I belong to the small percentage of gardeners who don't mind staking their perennials. It's not that I like the physical demands of staking, but more, I suppose, that I love how the garden looks when the participants are properly posed.
Some of my favorite varieties require staking: baptisia, peonies, Crambe cordifolia, Zebra grass (Miscanthus sinensis 'Zebrinus'), a spectacular bearded iris named 'Beverly Sills' (how sad she looks with her beautiful blossoms in the mud!), wild senna, and, of course, the tall, graceful, (but top-heavy) Asiatic lilies. I want these plants in my garden, and I enjoy giving them the support and attention they need to deliver their best performance.
After years of discussing the stigma of staking with other gardeners, I've concluded that what most people dislike about the chore is not the activity itself, but collecting the supplies needed to do it. String, twist ties, wood and metal posts, thick and thin bamboo stakes, sticks and branches, hoops, rods, towers, teepees, and grids (each with matching legs), fencing, chicken wire, coat hangers, plastic mesh, and pea brush — the paraphernalia of staking can take up half the tool shed.
Gardeners who grow a lot of perennials, especially those with large gardens, use most of these items at one time or another. I've tried them all and now store only those I really need and are most convenient to use.
Storage is the key, followed by organization. If everything's in place and can just be plucked from its hook or bucket (I use five-gallon buckets, available at discount home centers, to store legs and stakes, by size), the chore seems less onerous when the time comes. A small garden basket holds balls of twine — natural and green, depending on stem color — a large roll of twist ties, and strips of soft cloth and old nylon stockings, which I cut during the winter to replenish my stock.
There's something about having these supplies all ready to go that turns the otherwise unpleasant task of staking into a few minutes of "quality time" with my perennials.
Supporting plants early, before they truly need it, is the real secret to reducing the aggravation of staking. By the time foliage flops on the ground, stems bent or broken, flowers face down in the mud, it's too late. A splint may help revive the clump, but it will never look natural again. Salvaging the blossoms for cut flowers is often a gardener's only alternative.

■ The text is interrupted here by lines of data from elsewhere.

lemma powr_le_add_gain_upper:
  assumes y: "X \<le> y" and m: "0 \<le> m" "m \<le> y + 2 * tail_mass y"
  shows "m powr p \<le> y powr p + gain_upper"
proof -
  let ?u = "tail_mass y"
  have y0: "0 < y" "1 \<le> y" using y X_pos by auto
  have u: "0 < ?u" "?u \<le> 1/2" using tail_mass_pos[OF y0(1)] tail_mass_le_half[OF y] by auto
  have "m powr p \<le> (y + 2 * ?u) powr p" using m p_ge_one by (intro powr_mono2) auto
  also have "\<dots> \<le> y powr p + p * (y + 2 * ?u) powr (p-1) * (2 * ?u)"
    using powr_increment_bounds(1)[of y "2 * ?u" p] y0 u p_ge_one by auto
  also have "\<dots> \<le> y powr p + p * (2 * y) powr (p-1) * (2 * ?u)"
    using u y0 p_ge_one by (auto intro!: mult_right_mono mult_left_mono powr_mono2)
  also have "(2 * y) powr (p-1) = 2 powr k * y powr k"
    using y0 by (simp add: p_def powr_mult)
  also have "p * (2 powr k * y powr k) * (2 * ?u) = gain_upper"
    using powr_mult_tail_mass[OF y0(1)] by (simp add: gain_upper_def)
  finally show ?thesis .
qed

lemma potential_step_up: "potential (x + Dp x) \<le> max (potential x) (potential window) + gain_upper"
proof -
  let ?n = "x + Dp x"
  have n0: "0 \<le> ?n" by (rule add_Dplus_nonneg)
  consider "X \<le> x" | "x \<le> -X" | "\<bar>x\<bar> \<le> X" by linarith
  then have "potential ?n \<le> potential x + gain_upper \<or> potential ?n \<le> potential x
      \<or> potential ?n \<le> potential window"
  proof cases
    case 1
    then have "?n powr p \<le> x powr p + gain_upper"
      using powr_le_add_gain_upper[OF 1 n0] Dplus_le_large[OF 1] by simp
    then show ?thesis using 1 X_pos n0 by (simp add: potential_def)
  next
    case 2
    then show ?thesis using add_Dplus_le_overshoot[OF 2] n0 potential_mono[of ?n x] by simp
  next
    case 3
    then show ?thesis using abs_add_Dplus_le_window[OF 3] potential_mono[of ?n window] by auto
  qed
  then show ?thesis using gain_upper_pos by auto
qed

lemma potential_step_down: "potential (x + Dm x) \<le> max (potential x) (potential window) + gain_upper"
proof -
  let ?n = "x + Dm x"
  have n0: "?n \<le> 0" by (rule add_Dminus_nonpos)
  consider "X \<le> -x" | "X \<le> x" | "\<bar>x\<bar> \<le> X" by linarith
  then have "potential ?n \<le> potential x + gain_upper \<or> potential ?n \<le> potential x
      \<or> potential ?n \<le> potential window"
  proof cases
    case 1
    then have "(-?n) powr p \<le> (-x) powr p + gain_upper"
      using powr_le_add_gain_upper[OF 1] Dminus_ge_large[OF 1] n0 by simp
    then show ?thesis using 1 X_pos n0 by (simp add: potential_def)
  next
    case 2
    then show ?thesis using add_Dminus_ge_overshoot[OF 2] n0 potential_mono[of ?n x] X_pos by simp
  next
    case 3
    then show ?thesis using abs_add_Dminus_le_window[OF 3] potential_mono[of ?n window] by auto
  qed
  then show ?thesis using gain_upper_pos by auto
qed

lemma potential_step_up_ge: assumes x: "0 \<le> x" shows "potential x + gain_lower \<le> potential (x + Dp x)"
proof -
  let ?d = "Dp x"
  have "x powr p + gain_lower \<le> (x + ?d) powr p"
  proof (cases "X \<le> x")
    case True
    have x0: "0 < x" using True X_pos by simp
    have d: "tail_mass x / 2 \<le> ?d" by (rule Dplus_ge_large[OF True])
    then have "0 \<le> ?d" using tail_mass_pos[OF x0] by simp
    have "p * c / 2 = p * x powr (p-1) * (tail_mass x / 2)"
      using powr_mult_tail_mass[OF x0] by (simp add: p_def)
    also have "\<dots> \<le> p * x powr (p-1) * ?d" using d p_ge_one by (intro mult_left_mono) auto
    also have "\<dots> \<le> (x + ?d) powr p - x powr p"
      using powr_increment_bounds(2)[OF x0 \<open>0 \<le> ?d\<close> p_ge_one(1)] .
    finally show ?thesis by (simp add: gain_lower_def)
  next
    case False
    have d: "window_drift \<le> ?d" using Dplus_ge_window[OF x] False by simp
    have "window_drift powr p \<le> ?d powr p" using d window_drift_pos p_ge_one by (intro powr_mono2) auto
    moreover have "x powr p + ?d powr p \<le> (x + ?d) powr p"
      using powr_superadditive[OF x _ p_ge_one(1)] d window_drift_pos by simp
    ultimately show ?thesis by (simp add: gain_lower_def)
  qed
  then show ?thesis using x add_Dplus_nonneg[of x] by (simp add: potential_def)
qed

lemma potential_pub_le: "potential (pub Fp Fm a n) \<le> potential window + gain_upper * real n"
proof (induction n)
  case 0
  show ?case using p_ge_one by (simp add: potential_def)
next
  case (Suc n)
  let ?x = "pub Fp Fm a n"
  have "potential (pub Fp Fm a (Suc n)) \<le> max (potential ?x) (potential window) + gain_upper"
    using potential_step_up[of ?x] potential_step_down[of ?x] by simp
  also have "\<dots> \<le> potential window + gain_upper * real n + gain_upper"
    using Suc gain_upper_pos by (auto simp: potential_def)
  finally show ?case by (simp add: algebra_simps)
qed

lemma potential_cascade_ge:
  "0 \<le> pub Fp Fm (\<lambda>_. True) n \<and> gain_lower * real n \<le> potential (pub Fp Fm (\<lambda>_. True) n)"
proof (induction n)
  case (Suc n)
  let ?x = "pub Fp Fm (\<lambda>_. True) n"
  have "potential ?x + gain_lower \<le> potential (?x + Dp ?x)"
    using potential_step_up_ge Suc by simp
  then show ?case using Suc add_Dplus_nonneg[of ?x] by (simp add: algebra_simps)
qed (simp add: potential_def)

lemma abs_ell_le_ell_star:
  "\<exists>M>0. \<forall>a t s. 2 \<le> t \<longrightarrow> 1 \<le> s \<longrightarrow> s \<le> t \<longrightarrow> \<bar>ell Fp Fm a s\<bar> \<le> M * ell_star Fp Fm t"
proof -
  define K where "K = (potential window + gain_upper) / gain_lower"
  have K: "0 < K" using gain_upper_pos gain_lower_pos potential_nonneg[of window] by (simp add: K_def)
  have "\<bar>ell Fp Fm a s\<bar> \<le> K powr (1/p) * ell_star Fp Fm t"
    if ts: "2 \<le> t" "1 \<le> s" "s \<le> t" for a t s
  proof -
    let ?l = "pub Fp Fm a (s-1)" and ?m = "pub Fp Fm (\<lambda>_. True) (t-1)"
    have r: "1 \<le> real (t-1)" "real (s-1) \<le> real (t-1)" using ts by auto
    have "potential ?l \<le> potential window + gain_upper * real (s-1)" by (rule potential_pub_le)
    also have "\<dots> \<le> potential window * real (t-1) + gain_upper * real (t-1)"
      using r gain_upper_pos potential_nonneg[of window]
      by (intro add_mono mult_left_mono) (auto simp: mult_le_cancel_left1)
    also have "\<dots> = K * (gain_lower * real (t-1))" using gain_lower_pos by (simp add: K_def field_simps)
    also have "\<dots> \<le> K * potential ?m" using potential_cascade_ge[of "t-1"] K by (intro mult_left_mono) auto
    finally have le: "potential ?l \<le> K * potential ?m" .
    have "0 \<le> ?m" using potential_cascade_ge by blast
    have "\<bar>?l\<bar> = potential ?l powr (1/p)" using p_ge_one by (simp add: potential_def powr_powr)
    also have "\<dots> \<le> (K * potential ?m) powr (1/p)"
      using le p_ge_one by (intro powr_mono2) (auto simp: potential_def)
    also have "\<dots> = K powr (1/p) * ?m"
      using K p_ge_one \<open>0 \<le> ?m\<close> by (simp add: powr_mult potential_def powr_powr)
    finally show ?thesis by (simp add: ell_def ell_star_def)
  qed
  moreover have "0 < K powr (1/p)" using K by simp
  ultimately show ?thesis by blast
qed

end

theorem lemma11:
  fixes Fp Fm :: "real measure" and c k x0 :: real
  assumes "prob_space Fp" and "prob_space Fm"
    and "sets Fp = sets borel" and "sets Fm = sets borel"
    and "absolutely_continuous Fm Fp" and "absolutely_continuous Fp Fm"
    and unbounded: "\<And>M::real.
        (1/2) * measure Fp {s \<in> space Fp. LLR Fp Fm s > M}
          + (1/2) * measure Fm {s \<in> space Fm. LLR Fp Fm s > M} > 0
      \<and> (1/2) * measure Fp {s \<in> space Fp. LLR Fp Fm s < - M}
          + (1/2) * measure Fm {s \<in> space Fm. LLR Fp Fm s < - M} > 0"
    and "c > 0" and "k > 0" and "x0 > 0"
    and tail: "\<And>x. x > x0 \<Longrightarrow>
        Gminus Fp Fm (- x) = c * x powr (- k) \<and> Gplus Fp Fm x = 1 - c * x powr (- k)"
  shows "\<exists>M>0. \<forall>a t s. 2 \<le> t \<longrightarrow> 1 \<le> s \<longrightarrow> s \<le> t \<longrightarrow>
           \<bar>ell Fp Fm a s\<bar> \<le> M * ell_star Fp Fm t"
proof -
  interpret power_tails Fp Fm c k x0
    by (intro power_tails.intro llr_pair.intro power_tails_axioms.intro) (fact assms tail)+
  show ?thesis by (rule abs_ell_le_ell_star)
qed

end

It's this remedial staking, I've found, that most gardeners hate. It's not only discouraging, but the results are generally unsatisfactory. No wonder we avoid it!
The first plants staked in my garden each season are peonies. "Peony hoops," designed especially for the purpose, work well. It takes just a minute to attach the 36-inch legs and position the hoops over emerging clumps. The stakes only show for a week or two, then disappear within the dark green foliage. As the buds open, just wiggle the legs higher to support the heavy blossoms.

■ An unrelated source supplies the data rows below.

lemma pascal_mat_mult_pascal_block_index:
  assumes j: "j < m" and k: "k < m"
  shows "(pascal_mat m * pascal_block m) $$ (j,k) =
    (if Suc j < m then of_nat (Suc j choose k) else (0::'a::comm_ring_1))"
proof -
  have "(pascal_mat m * pascal_block m) $$ (j,k) = (\<Sum>l = 0..<m. of_nat (j choose l) *
      ((if l = k then 1 else 0) + (if Suc l = k then 1 else 0)
        - (if l = m - 1 then of_nat (m choose k) else (0::'a))))"
    using assms by (simp add: pascal_mat_def pascal_block_def scalar_prod_def)
  also have "\<dots> = (\<Sum>l = 0..<m. if l = k then of_nat (j choose l) else 0)
      + (\<Sum>l = 0..<m. if Suc l = k then of_nat (j choose l) else 0)
      - (\<Sum>l = 0..<m. if l = m - 1 then of_nat (j choose l) * of_nat (m choose k) else (0::'a))"
  proof -
    have "of_nat (j choose l) * ((if l = k then 1 else 0) + (if Suc l = k then 1 else 0)
        - (if l = m - 1 then of_nat (m choose k) else 0))
      = (if l = k then of_nat (j choose l) else 0) + (if Suc l = k then of_nat (j choose l) else 0)
        - (if l = m - 1 then of_nat (j choose l) * of_nat (m choose k) else (0::'a))" for l
      by (simp add: right_diff_distrib distrib_left)
    then show ?thesis by (simp only: sum.distrib sum_subtractf)
  qed
  also have "\<dots> = of_nat (j choose k) + (if 0 < k then of_nat (j choose (k - 1)) else 0)
      - of_nat (j choose (m - 1)) * of_nat (m choose k)"
  proof -
    have "(\<Sum>l = 0..<m. if Suc l = k then of_nat (j choose l) else (0::'a))
        = (if 0 < k then of_nat (j choose (k - 1)) else 0)"
      using k by (cases k) simp_all
    then show ?thesis using j k by simp
  qed
  also have "\<dots> = (if Suc j < m then of_nat (Suc j choose k) else 0)"
  proof (cases "Suc j < m")
    case True
    then show ?thesis by (cases k) (simp_all add: binomial_Suc_Suc binomial_eq_0)
  next
    case False
    then have "m = Suc j" using j by simp
    then show ?thesis by (cases k) (simp_all add: binomial_Suc_Suc)
  qed
  finally show ?thesis .
qed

When the display is over, cut off the spent flower stalks, gently trim the remaining foliage, then lift the stakes and move them to other plants. By this time in my garden, balloon flower, asters, obedient plant and other late bloomers need the attention.
Good quality, vinyl-coated stakes are expensive, but they last for years. Re-using them makes the investment worthwhile.
For individual stems, I reach for the stakes that have the hoop at the end, bent at a right angle to the "leg." I own a lot of these, in different lengths, for they come in handy for so many flowers. Lilies, delphiniums, iris, lupines, foxglove, snakeroot, blazing star, and other spiky perennials are potential candidates.
Peas brush — short twiggy branches cut from birch or willow pushed into the soil — is useful for supporting airy plants like baby's breath, flax, and Gaura lindheimeri. Between rows of cut flowers, I stretch a grid of twine anchored by sturdy bamboo stakes — it doesn't have to be pretty, just strong.
Putting the "mechanics" in place early allows me to enjoy the rest of the season without worrying about what damage the next heavy rain will bring, or despairing when I see a beautiful combination ruined by nature's pique.
Lindsay Bond Totten, a horticulturist, writes about gardening for Scripps Howard News Service.